E dall'ufficio legale del South China Morning Post.
E dall'ufficio legale di chissà quante altre
testate straniere.
Tutto questo, ovviamente, se a livello di autorevolezza internazionale la stampa italiana non fosse già l'equivalente di quel cugino un po' deficiente che ti tocca aiutare con i numeri durante la tombola di Natale.
Adesso, tutti gli affezionati
lettori del quotidiano di Largo Fochetti mi si avventeranno addosso perché sono
un monomaniaco che ha deciso di distruggere Visetti e – attraverso Visetti –
gettare discredito su un’intera testata; un’argomentazione che suona
curiosamente simile a quelle che abbiamo ascoltato per tipo vent’anni da parte
di un certo leader politico.
Ma questa non è “la macchina
del fango”, per usare un’espressione talmente banale che Monsieur LaPalice si
mette a piangere ogni volta che viene pronunciata.

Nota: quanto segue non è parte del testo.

text \<open>For \<open>u \<ge> 1\<close>, \<open>gen_inv M u\<close> is the junk value \<open>Inf {}\<close>, an infimum over the empty set.\<close>
lemma abs_gen_inv_le: "0 \<le> u \<Longrightarrow> \<bar>gen_inv M u\<bar> \<le> max R \<bar>Inf {}\<bar>"
  using gen_inv_bounds gen_inv_eq_Inf_empty by (cases "u < 1") force+

end

lemma measurable_gen_inv:
  assumes M: "\<And>\<omega>. bounded_real_distribution (M \<omega>) (R \<omega>)"
    and u: "u \<in> borel_measurable N" "\<And>\<omega>. 0 \<le> u \<omega>"
    and cdf: "\<And>q. (\<lambda>\<omega>. cdf (M \<omega>) q) \<in> borel_measurable N"
  shows "(\<lambda>\<omega>. gen_inv (M \<omega>) (u \<omega>)) \<in> borel_measurable N"
  unfolding borel_measurable_iff_less
proof
  fix a
  have "gen_inv (M \<omega>) (u \<omega>) < a \<longleftrightarrow>
      (\<exists>q\<in>\<rat> \<inter> {..<a}. u \<omega> < 1 \<and> u \<omega> < cdf (M \<omega>) q) \<or> (1 \<le> u \<omega> \<and> Inf {} < a)" for \<omega>
    using bounded_real_distribution.gen_inv_less_iff[OF M u(2)]
      bounded_real_distribution.gen_inv_eq_Inf_empty[OF M]
    by (cases "u \<omega> < 1") auto
  then have "{\<omega> \<in> space N. gen_inv (M \<omega>) (u \<omega>) < a} =
      (\<Union>q\<in>\<rat> \<inter> {..<a}. {\<omega> \<in> space N. u \<omega> < 1 \<and> u \<omega> < cdf (M \<omega>) q}) \<union>
      {\<omega> \<in> space N. 1 \<le> u \<omega> \<and> Inf {} < a}"
    by auto
  also have "\<dots> \<in> sets N"
  proof -
    note [measurable] = u(1) cdf
    have "{\<omega> \<in> space N. u \<omega> < 1 \<and> u \<omega> < cdf (M \<omega>) q} \<in> sets N" for q by measurable
    moreover have "{\<omega> \<in> space N. 1 \<le> u \<omega> \<and> Inf {} < a} \<in> sets N" by measurable
    ultimately show ?thesis by (intro sets.Un sets.countable_UN' countable_Int1 countable_rat) auto
  qed
  finally show "{\<omega> \<in> space N. gen_inv (M \<omega>) (u \<omega>) < a} \<in> sets N" .
qed

context bounded_real_distribution
begin

lemma measurable_cdt:
  assumes "real_distribution \<rho>" shows "cdt \<rho> M \<in> borel_measurable borel"
  unfolding cdt_def
  using bounded_real_distribution_axioms real_distribution.borel_measurable_cdf[OF assms]
    real_distribution.cdf_bounds(1)[OF assms]
  by (intro measurable_gen_inv[where M = "\<lambda>_. M"]) auto

lemma distr_cdt:
  assumes "atomless_real_distribution \<rho>" shows "distr \<rho> borel (cdt \<rho> M) = M"
proof -
  interpret \<rho>: atomless_real_distribution \<rho> by (rule assms)
  have [measurable]: "cdt \<rho> M \<in> borel_measurable \<rho>"
    using measurable_cdt[OF \<rho>.real_distribution_axioms] by simp
  have "measure \<rho> {x. cdt \<rho> M x \<le> s} = cdf M s" for s
  proof (rule antisym)
    have "AE x in \<rho>. cdt \<rho> M x \<le> s \<longrightarrow> cdf \<rho> x \<le> cdf M s"
      using \<rho>.AE_cdf_less_1
      by (rule eventually_mono) (auto simp: cdt_def intro: le_cdf_if_gen_inv_le \<rho>.cdf_bounds)
    then have "measure \<rho> {x. cdt \<rho> M x \<le> s} \<le> measure \<rho> {x. cdf \<rho> x \<le> cdf M s}"
      by (intro \<rho>.finite_measure_mono_AE) auto
    also have "\<dots> \<le> cdf M s"
      using \<rho>.measure_cdf_le cdf_bounds by blast
    finally show "measure \<rho> {x. cdt \<rho> M x \<le> s} \<le> cdf M s" .
  next
    have "cdf M s \<le> measure \<rho> {x. cdf \<rho> x < cdf M s}"
      using \<rho>.measure_cdf_less cdf_bounds by blast
    also have "\<dots> \<le> measure \<rho> {x. cdt \<rho> M x \<le> s}"
    proof (rule \<rho>.finite_measure_mono)
      show "{x. cdf \<rho> x < cdf M s} \<subseteq> {x. cdt \<rho> M x \<le> s}"
        using cdf_bounds(2)[of s] \<rho>.cdf_bounds(1) by (auto simp: cdt_def intro!: gen_inv_le)
    qed measurable
    finally show "cdf M s \<le> measure \<rho> {x. cdt \<rho> M x \<le> s}" .
  qed
  moreover have "cdf (distr \<rho> borel (cdt \<rho> M)) s = measure \<rho> {x. cdt \<rho> M x \<le> s}" for s
    unfolding cdf_def by (subst measure_distr) (auto simp: vimage_def)
  ultimately have "Distribution_Functions.cdf (distr \<rho> borel (cdt \<rho> M)) = Distribution_Functions.cdf M"
    by (simp add: fun_eq_iff flip: cdf_eq_distribution_cdf)
  then show ?thesis by (intro cdf_unique \<rho>.real_distribution_distr real_distribution_axioms) simp_all
qed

Giampaolo Visetti è solamente
il simbolo di un sistema fondato su veti incrociati, ipocrisie e quella che, da
calabrese, posso riconoscere senza ombra di dubbio come una forma di omertà. Se
Repubblica lascia indisturbato al suo posto e paga profumatamente un soggetto che tradisce da anni la
fiducia dei lettori, se il compito di raccontare l’area economicamente più
dinamica del mondo dalle colonne di quello che dovrebbe essere il più
autorevole quotidiano d’Italia viene affidato a un individuo che non si è fatto
alcuno scrupolo nel raccontare la tragedia di Fukushima come se fosse unvideogame giapponese, allora significa che Repubblica ha un grande problema di
meritocrazia o di malafede, e il giornale che sbatte in prima pagina gli
intoccabili preferisce chiudere entrambi gli occhi davanti ai suoi scandali
interni.
Quando Ezio Mauro presenterà “una
certa idea di mondo” dal palco del prossimo Festival delle Idee, guardalo bene: se noti un sorrisetto dietro il cipiglio pensoso, forse è perché sta
ridendo di te.
Se vedi lo stesso
sorrisetto quando in tv Vittorio Zucconi ti spiega i segreti della vita, forse
è perché lui ha già svoltato da anni facendo leva su un malinteso senso di superiorità intellettuale nei tuoi confronti.
E magari è lo stesso identico
sorriso del prode vicedirettore Massimo Giannini quando si scaglia contro il
marciume della politica.
Finché Carlo Rivolta non
risorgerà dal mondo delle ombre per prenderli tutti quanti a pernacchie.